(Collected data)

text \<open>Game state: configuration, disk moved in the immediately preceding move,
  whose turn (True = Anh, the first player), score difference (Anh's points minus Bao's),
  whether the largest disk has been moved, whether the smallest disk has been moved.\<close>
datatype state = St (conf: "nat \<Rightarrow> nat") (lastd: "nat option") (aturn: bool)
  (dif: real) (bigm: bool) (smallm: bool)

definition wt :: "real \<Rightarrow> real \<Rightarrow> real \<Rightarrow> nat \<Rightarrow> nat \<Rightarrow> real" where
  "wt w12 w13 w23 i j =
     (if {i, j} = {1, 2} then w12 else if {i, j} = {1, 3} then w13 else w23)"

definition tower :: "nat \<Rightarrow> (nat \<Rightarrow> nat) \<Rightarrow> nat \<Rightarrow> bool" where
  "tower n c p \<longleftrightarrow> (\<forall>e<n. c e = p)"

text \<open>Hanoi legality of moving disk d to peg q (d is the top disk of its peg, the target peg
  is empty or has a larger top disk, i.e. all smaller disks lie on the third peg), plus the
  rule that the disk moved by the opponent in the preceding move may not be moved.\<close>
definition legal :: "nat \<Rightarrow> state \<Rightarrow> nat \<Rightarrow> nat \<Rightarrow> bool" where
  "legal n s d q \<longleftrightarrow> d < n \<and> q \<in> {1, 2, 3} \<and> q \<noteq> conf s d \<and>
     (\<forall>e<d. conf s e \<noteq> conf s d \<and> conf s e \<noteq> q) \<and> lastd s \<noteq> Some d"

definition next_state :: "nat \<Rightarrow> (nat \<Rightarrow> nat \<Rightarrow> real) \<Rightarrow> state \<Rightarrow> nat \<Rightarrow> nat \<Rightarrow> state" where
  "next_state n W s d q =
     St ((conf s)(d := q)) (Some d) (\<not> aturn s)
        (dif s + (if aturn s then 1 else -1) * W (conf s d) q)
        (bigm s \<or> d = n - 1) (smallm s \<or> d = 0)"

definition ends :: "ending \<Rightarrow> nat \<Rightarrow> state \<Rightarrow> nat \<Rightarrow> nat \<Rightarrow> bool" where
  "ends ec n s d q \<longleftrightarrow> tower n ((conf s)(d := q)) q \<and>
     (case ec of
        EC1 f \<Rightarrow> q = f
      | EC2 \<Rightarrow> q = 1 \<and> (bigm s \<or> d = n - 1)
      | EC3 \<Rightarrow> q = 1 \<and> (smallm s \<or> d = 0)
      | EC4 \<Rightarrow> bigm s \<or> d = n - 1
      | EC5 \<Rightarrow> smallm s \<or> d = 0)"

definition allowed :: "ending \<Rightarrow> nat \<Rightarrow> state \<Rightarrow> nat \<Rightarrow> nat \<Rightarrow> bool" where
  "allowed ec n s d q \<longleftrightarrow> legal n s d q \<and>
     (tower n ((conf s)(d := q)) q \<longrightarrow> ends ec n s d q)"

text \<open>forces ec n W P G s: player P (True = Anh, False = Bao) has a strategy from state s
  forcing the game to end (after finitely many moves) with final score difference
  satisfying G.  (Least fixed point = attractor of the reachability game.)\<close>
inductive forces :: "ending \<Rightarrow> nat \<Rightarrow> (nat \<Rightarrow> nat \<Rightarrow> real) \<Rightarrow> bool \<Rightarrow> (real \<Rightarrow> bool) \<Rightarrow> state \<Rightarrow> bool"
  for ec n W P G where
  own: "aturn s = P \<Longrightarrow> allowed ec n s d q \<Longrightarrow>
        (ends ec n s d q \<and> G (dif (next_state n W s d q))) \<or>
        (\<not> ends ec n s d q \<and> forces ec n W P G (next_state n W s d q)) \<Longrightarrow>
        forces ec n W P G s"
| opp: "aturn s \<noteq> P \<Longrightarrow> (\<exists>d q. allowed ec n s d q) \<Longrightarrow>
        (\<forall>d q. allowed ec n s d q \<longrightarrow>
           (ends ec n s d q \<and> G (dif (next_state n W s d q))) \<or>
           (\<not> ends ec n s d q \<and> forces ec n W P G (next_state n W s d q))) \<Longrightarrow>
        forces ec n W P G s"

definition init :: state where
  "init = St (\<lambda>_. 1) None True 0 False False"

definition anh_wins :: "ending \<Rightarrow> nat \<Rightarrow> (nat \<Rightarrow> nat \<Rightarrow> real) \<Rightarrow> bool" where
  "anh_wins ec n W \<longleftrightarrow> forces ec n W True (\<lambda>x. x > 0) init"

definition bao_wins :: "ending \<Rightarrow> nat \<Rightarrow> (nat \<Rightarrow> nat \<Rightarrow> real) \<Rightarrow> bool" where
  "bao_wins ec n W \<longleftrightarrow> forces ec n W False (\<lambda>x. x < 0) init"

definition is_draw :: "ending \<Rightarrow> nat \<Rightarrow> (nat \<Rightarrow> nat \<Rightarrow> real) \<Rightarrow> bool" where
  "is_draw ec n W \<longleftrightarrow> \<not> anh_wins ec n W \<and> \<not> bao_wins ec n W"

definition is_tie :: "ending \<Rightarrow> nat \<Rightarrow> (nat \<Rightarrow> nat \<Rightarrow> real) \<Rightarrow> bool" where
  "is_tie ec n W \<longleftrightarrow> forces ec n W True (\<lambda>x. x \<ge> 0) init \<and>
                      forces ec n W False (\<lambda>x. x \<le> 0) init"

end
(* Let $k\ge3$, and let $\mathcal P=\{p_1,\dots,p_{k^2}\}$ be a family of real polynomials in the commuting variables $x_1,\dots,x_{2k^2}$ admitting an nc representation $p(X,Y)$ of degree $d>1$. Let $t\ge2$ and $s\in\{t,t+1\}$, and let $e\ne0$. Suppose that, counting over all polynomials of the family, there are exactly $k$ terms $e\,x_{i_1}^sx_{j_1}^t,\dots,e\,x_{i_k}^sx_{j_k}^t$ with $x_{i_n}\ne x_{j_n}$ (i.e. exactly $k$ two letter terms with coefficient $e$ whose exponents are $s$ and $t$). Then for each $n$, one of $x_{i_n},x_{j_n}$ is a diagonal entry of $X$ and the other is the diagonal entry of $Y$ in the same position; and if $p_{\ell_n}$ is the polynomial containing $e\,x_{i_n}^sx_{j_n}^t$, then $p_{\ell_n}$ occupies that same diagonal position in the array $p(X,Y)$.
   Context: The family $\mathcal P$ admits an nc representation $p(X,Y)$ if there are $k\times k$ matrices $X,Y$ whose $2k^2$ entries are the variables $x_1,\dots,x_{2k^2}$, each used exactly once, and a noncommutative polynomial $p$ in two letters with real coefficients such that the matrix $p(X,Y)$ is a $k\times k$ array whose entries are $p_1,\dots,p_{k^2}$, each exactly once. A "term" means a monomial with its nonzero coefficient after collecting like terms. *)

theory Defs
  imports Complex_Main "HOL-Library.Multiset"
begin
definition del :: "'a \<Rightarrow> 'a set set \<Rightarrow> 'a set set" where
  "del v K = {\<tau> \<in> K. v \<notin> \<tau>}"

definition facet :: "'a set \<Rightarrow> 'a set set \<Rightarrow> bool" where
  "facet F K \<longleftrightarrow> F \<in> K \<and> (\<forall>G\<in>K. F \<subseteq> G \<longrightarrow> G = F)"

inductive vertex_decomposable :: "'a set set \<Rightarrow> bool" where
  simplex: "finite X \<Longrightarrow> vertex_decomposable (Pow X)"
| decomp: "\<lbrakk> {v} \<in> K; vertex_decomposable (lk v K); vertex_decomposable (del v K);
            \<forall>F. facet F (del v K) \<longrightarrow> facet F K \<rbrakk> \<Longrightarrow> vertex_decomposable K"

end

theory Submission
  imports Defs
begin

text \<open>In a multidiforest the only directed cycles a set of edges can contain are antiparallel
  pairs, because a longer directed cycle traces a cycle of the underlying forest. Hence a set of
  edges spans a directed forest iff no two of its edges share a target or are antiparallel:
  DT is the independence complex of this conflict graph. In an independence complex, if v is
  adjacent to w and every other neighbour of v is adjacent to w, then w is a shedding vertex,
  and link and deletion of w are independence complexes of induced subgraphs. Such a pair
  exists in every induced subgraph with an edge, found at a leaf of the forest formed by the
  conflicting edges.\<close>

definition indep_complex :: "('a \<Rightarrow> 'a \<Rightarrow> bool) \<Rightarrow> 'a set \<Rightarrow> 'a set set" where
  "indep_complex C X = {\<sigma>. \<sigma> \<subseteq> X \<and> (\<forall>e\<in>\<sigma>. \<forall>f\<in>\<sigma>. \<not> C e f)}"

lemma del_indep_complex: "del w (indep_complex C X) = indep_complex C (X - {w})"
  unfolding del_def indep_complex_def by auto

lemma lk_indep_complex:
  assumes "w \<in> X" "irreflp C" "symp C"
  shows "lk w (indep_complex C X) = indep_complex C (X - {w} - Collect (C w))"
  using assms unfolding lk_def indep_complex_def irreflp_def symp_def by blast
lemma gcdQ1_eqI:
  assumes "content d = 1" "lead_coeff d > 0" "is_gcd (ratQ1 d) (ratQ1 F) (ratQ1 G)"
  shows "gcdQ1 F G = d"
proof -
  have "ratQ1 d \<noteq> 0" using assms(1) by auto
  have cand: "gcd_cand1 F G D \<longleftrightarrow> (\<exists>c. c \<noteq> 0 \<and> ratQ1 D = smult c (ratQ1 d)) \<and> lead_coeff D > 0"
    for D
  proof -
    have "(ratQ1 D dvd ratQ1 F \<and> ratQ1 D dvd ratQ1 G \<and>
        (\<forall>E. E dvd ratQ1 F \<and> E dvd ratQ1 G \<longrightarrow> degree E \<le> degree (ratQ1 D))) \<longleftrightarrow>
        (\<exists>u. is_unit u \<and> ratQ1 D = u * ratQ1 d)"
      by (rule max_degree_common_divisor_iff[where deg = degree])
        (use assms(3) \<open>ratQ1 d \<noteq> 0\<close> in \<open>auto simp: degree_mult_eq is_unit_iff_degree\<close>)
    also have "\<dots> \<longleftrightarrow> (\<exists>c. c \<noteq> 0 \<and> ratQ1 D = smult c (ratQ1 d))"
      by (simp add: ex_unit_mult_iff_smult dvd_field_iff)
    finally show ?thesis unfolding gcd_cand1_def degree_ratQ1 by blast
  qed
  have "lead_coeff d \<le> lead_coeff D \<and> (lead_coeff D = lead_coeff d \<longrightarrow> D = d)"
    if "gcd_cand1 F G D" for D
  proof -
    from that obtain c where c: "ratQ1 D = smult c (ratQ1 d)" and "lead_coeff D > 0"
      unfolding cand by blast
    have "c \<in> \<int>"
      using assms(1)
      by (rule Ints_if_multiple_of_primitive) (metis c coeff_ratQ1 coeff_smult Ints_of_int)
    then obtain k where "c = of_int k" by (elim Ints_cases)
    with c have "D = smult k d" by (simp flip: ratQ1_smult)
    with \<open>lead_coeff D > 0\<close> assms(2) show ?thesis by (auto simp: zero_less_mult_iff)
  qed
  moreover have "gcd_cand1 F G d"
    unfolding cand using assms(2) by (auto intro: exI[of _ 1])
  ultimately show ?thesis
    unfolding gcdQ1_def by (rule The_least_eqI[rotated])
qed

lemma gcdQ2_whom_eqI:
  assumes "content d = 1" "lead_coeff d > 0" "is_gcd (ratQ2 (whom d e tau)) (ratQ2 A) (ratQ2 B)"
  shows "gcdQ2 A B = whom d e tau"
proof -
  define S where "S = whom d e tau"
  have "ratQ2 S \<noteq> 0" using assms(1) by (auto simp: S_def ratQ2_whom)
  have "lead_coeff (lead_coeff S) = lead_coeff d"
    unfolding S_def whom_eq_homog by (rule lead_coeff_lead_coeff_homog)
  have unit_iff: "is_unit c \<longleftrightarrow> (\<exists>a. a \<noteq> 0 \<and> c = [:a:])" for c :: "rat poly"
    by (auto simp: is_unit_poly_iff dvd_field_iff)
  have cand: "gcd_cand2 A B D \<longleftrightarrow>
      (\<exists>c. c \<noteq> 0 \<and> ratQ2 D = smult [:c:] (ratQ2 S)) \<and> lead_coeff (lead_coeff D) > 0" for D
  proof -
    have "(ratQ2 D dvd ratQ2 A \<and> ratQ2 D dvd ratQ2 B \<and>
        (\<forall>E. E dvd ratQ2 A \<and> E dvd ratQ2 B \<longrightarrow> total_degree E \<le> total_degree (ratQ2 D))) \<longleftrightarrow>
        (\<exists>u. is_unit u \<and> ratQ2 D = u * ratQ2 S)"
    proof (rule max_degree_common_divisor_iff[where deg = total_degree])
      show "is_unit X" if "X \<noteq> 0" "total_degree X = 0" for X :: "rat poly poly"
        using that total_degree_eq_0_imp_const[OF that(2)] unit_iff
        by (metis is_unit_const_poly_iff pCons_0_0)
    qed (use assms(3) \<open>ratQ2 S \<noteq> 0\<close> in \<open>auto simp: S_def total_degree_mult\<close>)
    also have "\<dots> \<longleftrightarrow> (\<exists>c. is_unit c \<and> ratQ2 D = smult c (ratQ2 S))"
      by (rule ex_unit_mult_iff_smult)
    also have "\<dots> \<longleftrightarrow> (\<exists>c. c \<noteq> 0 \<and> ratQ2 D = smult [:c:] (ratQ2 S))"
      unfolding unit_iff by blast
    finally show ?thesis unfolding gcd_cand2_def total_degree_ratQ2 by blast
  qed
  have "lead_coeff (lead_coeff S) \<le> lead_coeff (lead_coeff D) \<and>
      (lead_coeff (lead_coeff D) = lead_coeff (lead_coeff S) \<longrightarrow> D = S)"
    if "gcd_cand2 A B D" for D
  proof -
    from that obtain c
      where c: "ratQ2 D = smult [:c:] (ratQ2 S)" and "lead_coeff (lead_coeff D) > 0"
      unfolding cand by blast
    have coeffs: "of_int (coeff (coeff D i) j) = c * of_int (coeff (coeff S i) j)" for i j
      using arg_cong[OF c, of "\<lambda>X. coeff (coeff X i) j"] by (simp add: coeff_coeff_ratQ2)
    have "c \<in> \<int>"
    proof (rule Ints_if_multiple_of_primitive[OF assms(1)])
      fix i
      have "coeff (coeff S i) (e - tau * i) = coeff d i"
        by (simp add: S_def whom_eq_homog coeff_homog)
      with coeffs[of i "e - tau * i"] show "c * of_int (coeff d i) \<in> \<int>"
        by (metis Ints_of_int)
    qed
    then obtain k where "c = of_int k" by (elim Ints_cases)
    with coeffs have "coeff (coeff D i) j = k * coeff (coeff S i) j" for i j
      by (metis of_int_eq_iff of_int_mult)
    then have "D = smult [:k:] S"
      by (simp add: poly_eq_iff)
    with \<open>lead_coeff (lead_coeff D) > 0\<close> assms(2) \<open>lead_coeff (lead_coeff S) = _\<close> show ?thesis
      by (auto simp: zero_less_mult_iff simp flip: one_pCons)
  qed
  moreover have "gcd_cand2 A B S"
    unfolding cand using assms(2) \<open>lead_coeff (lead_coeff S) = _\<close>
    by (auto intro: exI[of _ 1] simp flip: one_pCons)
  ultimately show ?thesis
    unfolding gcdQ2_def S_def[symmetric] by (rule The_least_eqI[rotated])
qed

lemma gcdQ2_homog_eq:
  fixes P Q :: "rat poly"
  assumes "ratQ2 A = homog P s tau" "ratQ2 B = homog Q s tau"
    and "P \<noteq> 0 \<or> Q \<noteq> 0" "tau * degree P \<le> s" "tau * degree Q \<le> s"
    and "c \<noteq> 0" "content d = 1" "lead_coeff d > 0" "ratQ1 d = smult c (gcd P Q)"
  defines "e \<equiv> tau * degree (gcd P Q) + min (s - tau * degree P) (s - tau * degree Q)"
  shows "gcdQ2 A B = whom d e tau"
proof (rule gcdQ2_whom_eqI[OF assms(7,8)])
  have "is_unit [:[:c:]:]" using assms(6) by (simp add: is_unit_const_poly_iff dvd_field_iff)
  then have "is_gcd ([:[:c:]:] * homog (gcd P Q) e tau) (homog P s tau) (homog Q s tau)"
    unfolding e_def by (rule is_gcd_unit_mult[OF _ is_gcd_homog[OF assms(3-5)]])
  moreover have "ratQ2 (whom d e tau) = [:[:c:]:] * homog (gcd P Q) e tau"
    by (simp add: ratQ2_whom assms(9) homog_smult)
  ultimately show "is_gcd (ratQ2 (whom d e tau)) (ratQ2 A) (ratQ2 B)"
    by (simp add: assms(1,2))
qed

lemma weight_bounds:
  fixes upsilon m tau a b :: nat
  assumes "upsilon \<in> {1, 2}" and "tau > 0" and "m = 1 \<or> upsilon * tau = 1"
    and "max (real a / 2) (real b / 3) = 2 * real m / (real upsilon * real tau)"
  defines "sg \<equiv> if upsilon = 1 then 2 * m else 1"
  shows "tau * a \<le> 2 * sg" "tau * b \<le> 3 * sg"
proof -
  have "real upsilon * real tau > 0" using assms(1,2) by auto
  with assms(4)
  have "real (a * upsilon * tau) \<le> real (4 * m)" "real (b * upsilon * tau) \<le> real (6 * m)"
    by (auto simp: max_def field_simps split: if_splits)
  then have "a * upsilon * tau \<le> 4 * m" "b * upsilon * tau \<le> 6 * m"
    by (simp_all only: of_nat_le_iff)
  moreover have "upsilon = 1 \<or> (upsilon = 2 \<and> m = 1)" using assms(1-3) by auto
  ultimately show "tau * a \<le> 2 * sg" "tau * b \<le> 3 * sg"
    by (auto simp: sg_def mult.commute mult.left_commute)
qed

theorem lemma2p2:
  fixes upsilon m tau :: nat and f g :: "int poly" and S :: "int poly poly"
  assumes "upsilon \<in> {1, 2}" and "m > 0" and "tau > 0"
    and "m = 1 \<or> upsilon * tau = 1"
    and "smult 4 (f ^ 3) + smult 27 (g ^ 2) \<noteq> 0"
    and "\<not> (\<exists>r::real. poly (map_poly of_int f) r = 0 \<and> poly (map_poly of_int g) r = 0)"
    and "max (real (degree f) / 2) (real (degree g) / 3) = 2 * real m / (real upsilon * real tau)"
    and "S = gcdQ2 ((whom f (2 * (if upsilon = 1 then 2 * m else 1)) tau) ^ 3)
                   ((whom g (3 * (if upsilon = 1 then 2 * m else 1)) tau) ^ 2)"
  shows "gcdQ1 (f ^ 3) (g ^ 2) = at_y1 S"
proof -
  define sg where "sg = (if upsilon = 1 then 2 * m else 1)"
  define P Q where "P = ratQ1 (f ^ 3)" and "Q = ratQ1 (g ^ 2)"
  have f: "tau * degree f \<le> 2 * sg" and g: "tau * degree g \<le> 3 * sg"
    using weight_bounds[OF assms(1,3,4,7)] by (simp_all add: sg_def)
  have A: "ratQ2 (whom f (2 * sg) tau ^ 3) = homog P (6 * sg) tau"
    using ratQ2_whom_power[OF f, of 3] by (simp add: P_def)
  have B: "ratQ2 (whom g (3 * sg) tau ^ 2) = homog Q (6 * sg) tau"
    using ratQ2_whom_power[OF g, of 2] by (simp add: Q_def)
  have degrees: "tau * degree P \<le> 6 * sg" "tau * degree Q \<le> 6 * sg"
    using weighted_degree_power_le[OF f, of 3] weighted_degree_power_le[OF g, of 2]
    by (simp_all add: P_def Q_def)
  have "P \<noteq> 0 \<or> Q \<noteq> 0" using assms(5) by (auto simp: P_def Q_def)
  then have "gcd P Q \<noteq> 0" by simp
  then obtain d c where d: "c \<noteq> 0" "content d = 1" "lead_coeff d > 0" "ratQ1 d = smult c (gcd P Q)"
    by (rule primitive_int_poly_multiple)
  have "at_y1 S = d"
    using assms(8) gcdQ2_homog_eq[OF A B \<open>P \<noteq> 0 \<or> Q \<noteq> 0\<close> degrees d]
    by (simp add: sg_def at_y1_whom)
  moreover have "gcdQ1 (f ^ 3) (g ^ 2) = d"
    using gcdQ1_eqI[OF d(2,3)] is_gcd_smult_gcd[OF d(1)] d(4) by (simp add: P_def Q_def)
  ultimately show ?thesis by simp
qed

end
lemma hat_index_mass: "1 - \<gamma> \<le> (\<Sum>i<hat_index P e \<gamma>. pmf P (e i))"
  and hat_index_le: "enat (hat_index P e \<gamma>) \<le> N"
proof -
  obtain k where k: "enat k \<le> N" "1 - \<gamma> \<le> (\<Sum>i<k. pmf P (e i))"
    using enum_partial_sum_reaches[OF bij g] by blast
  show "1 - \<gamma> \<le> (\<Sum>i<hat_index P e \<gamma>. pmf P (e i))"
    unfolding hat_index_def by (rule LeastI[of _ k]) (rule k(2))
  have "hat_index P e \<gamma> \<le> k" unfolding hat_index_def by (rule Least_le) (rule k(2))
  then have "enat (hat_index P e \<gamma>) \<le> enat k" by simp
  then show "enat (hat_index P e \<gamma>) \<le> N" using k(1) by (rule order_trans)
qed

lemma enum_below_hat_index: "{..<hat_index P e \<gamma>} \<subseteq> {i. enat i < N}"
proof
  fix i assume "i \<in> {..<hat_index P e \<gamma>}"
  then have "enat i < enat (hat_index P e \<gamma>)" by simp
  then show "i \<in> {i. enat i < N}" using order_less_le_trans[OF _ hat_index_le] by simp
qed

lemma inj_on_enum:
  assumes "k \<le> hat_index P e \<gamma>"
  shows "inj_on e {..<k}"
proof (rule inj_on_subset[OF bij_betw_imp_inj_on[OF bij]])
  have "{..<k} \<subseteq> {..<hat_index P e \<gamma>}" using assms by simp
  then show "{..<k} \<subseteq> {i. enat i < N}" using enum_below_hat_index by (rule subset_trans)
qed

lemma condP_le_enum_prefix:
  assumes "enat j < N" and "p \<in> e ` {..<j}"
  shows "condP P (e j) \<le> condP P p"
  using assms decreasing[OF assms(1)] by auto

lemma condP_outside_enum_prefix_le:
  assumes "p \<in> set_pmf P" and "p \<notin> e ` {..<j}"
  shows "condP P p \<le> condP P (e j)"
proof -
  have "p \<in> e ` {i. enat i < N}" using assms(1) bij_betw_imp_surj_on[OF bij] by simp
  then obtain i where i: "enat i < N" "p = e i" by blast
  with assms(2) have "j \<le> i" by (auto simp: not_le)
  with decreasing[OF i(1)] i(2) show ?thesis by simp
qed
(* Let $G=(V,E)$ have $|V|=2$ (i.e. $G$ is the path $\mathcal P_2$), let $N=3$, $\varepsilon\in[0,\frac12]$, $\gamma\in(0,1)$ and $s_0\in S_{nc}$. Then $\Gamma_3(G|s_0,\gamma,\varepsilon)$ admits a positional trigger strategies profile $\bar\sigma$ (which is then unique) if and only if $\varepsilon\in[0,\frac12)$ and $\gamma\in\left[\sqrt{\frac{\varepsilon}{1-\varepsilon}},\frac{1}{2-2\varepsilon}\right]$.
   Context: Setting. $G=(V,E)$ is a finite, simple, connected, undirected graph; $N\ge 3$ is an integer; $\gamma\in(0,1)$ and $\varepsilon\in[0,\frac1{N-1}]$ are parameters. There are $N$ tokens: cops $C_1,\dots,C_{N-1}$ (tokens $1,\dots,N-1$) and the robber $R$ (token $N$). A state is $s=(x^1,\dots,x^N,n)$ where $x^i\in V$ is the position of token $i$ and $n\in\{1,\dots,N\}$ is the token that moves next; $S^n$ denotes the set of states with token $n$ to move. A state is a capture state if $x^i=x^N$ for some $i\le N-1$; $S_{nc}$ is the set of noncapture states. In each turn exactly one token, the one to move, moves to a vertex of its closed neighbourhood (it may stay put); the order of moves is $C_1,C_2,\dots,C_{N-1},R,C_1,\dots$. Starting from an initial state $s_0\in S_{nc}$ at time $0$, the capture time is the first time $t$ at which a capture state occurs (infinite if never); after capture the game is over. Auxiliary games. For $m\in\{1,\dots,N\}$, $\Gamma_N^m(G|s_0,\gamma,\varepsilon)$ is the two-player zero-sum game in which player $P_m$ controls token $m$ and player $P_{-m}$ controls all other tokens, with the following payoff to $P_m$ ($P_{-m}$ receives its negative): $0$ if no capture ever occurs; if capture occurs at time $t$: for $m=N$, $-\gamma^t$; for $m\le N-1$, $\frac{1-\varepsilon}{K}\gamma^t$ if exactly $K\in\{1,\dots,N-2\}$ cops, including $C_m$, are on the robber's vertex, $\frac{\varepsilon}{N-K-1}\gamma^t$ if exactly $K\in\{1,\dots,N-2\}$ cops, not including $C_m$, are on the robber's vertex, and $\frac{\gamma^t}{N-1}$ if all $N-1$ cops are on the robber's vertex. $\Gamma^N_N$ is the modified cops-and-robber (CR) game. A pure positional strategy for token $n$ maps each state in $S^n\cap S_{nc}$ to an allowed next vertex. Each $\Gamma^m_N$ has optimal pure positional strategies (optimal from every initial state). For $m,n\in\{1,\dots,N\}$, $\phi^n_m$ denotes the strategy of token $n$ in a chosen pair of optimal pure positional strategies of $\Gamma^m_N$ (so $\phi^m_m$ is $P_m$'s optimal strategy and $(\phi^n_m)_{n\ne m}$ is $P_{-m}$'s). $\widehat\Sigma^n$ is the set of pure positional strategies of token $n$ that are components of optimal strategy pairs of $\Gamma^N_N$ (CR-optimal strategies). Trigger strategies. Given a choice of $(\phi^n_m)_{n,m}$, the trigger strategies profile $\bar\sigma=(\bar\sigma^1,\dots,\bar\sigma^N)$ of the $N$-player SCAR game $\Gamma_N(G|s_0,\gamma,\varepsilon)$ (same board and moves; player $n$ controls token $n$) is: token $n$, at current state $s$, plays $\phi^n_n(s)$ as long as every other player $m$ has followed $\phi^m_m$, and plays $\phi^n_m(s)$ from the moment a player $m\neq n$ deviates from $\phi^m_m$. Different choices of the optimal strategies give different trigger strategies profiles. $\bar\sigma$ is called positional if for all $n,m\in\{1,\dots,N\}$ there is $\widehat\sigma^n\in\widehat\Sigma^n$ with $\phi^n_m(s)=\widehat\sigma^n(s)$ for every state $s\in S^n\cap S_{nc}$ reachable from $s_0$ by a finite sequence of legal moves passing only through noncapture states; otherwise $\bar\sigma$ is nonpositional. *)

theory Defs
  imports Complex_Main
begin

*Your goal:* What is needed is every line from the data above that includes the string "induced", copied out.

*Final answer:*
  and link and deletion of w are independence complexes of induced subgraphs. Such a pair
  exists in every induced subgraph with an edge, found at a leaf of the forest formed by the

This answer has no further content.